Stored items
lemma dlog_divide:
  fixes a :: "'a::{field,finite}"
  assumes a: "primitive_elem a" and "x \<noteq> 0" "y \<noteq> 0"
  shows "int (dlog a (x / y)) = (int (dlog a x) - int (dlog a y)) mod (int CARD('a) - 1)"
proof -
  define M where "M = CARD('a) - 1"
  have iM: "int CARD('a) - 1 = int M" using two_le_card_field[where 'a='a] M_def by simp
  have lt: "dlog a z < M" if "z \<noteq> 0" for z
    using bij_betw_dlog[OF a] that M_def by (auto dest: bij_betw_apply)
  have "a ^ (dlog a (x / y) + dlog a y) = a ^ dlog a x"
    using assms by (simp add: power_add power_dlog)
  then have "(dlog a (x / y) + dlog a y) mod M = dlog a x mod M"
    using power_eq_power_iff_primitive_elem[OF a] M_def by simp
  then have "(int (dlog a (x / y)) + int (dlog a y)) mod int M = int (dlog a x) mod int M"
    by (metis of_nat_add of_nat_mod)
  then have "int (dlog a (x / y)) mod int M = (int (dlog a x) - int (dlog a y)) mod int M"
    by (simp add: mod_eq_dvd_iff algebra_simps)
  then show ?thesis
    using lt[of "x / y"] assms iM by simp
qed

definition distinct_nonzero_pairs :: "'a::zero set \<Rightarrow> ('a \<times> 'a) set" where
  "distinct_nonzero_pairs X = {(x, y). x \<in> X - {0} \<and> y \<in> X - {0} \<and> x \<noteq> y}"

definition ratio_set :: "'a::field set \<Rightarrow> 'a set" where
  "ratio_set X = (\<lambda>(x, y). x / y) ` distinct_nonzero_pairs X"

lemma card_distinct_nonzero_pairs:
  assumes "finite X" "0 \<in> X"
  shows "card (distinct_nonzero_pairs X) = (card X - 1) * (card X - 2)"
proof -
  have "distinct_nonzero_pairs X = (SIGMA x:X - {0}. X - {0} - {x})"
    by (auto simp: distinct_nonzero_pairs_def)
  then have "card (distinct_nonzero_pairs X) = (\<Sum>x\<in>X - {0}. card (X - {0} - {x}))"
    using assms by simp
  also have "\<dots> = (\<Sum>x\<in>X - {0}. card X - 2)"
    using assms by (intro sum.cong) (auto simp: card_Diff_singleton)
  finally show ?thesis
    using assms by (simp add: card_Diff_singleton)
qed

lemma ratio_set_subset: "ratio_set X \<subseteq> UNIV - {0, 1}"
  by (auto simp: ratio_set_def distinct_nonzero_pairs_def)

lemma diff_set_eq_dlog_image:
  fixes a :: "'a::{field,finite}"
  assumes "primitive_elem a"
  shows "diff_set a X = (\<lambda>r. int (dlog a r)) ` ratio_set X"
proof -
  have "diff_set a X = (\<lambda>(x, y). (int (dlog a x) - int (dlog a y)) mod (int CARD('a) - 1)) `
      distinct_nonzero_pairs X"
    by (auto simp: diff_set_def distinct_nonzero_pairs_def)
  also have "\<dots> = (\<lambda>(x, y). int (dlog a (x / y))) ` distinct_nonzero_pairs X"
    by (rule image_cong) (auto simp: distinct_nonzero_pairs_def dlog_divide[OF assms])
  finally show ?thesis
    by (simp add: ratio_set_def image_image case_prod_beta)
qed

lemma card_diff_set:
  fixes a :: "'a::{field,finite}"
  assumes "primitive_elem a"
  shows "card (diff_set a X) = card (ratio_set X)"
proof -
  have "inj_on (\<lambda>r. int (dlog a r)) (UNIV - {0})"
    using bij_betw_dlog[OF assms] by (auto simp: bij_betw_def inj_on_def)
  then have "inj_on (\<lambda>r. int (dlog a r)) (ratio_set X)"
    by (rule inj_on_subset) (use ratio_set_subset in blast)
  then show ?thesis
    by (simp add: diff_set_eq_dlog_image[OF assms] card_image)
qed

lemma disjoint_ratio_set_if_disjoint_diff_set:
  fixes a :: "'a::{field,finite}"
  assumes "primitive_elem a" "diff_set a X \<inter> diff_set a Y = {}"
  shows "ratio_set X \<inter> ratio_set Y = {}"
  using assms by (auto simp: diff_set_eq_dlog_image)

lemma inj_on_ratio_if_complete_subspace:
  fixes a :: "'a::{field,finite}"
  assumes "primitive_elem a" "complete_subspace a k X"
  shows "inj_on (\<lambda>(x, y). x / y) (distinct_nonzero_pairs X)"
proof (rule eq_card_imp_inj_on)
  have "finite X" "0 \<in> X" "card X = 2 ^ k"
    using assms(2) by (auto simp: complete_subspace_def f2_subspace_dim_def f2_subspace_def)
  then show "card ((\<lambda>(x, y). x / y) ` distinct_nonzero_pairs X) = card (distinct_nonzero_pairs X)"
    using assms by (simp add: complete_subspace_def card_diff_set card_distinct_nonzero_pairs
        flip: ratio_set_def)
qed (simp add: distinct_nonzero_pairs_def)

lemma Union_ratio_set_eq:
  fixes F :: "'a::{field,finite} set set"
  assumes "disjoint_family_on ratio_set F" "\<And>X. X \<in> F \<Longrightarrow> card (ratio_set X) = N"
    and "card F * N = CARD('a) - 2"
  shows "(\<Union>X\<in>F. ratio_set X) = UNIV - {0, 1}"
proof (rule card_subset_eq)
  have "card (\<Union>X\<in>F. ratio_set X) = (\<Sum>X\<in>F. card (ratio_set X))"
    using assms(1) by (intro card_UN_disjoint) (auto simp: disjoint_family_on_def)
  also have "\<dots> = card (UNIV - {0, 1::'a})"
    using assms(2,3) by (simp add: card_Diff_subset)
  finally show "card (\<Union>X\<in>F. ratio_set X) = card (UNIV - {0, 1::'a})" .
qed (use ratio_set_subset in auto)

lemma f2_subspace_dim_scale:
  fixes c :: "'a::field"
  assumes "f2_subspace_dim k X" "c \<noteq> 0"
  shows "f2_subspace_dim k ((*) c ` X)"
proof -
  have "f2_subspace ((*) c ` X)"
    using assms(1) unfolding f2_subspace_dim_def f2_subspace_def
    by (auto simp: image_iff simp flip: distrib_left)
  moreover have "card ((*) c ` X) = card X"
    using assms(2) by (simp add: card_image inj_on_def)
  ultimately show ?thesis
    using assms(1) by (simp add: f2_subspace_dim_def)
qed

Your assignment - The line with "X) = (\<Sum>X\<in>F." marks where to start. Transcribe from there through the final line of the records, exactly and with nothing added.

Answer to this exercise -
  have "card (\<Union>X\<in>F. ratio_set X) = (\<Sum>X\<in>F. card (ratio_set X))"
    using assms(1) by (intro card_UN_disjoint) (auto simp: disjoint_family_on_def)
  also have "\<dots> = card (UNIV - {0, 1::'a})"
    using assms(2,3) by (simp add: card_Diff_subset)
  finally show "card (\<Union>X\<in>F. ratio_set X) = card (UNIV - {0, 1::'a})" .
qed (use ratio_set_subset in auto)

lemma f2_subspace_dim_scale:
  fixes c :: "'a::field"
  assumes "f2_subspace_dim k X" "c \<noteq> 0"
  shows "f2_subspace_dim k ((*) c ` X)"
proof -
  have "f2_subspace ((*) c ` X)"
    using assms(1) unfolding f2_subspace_dim_def f2_subspace_def
    by (auto simp: image_iff simp flip: distrib_left)
  moreover have "card ((*) c ` X) = card X"
    using assms(2) by (simp add: card_image inj_on_def)
  ultimately show ?thesis
    using assms(1) by (simp add: f2_subspace_dim_def)
qed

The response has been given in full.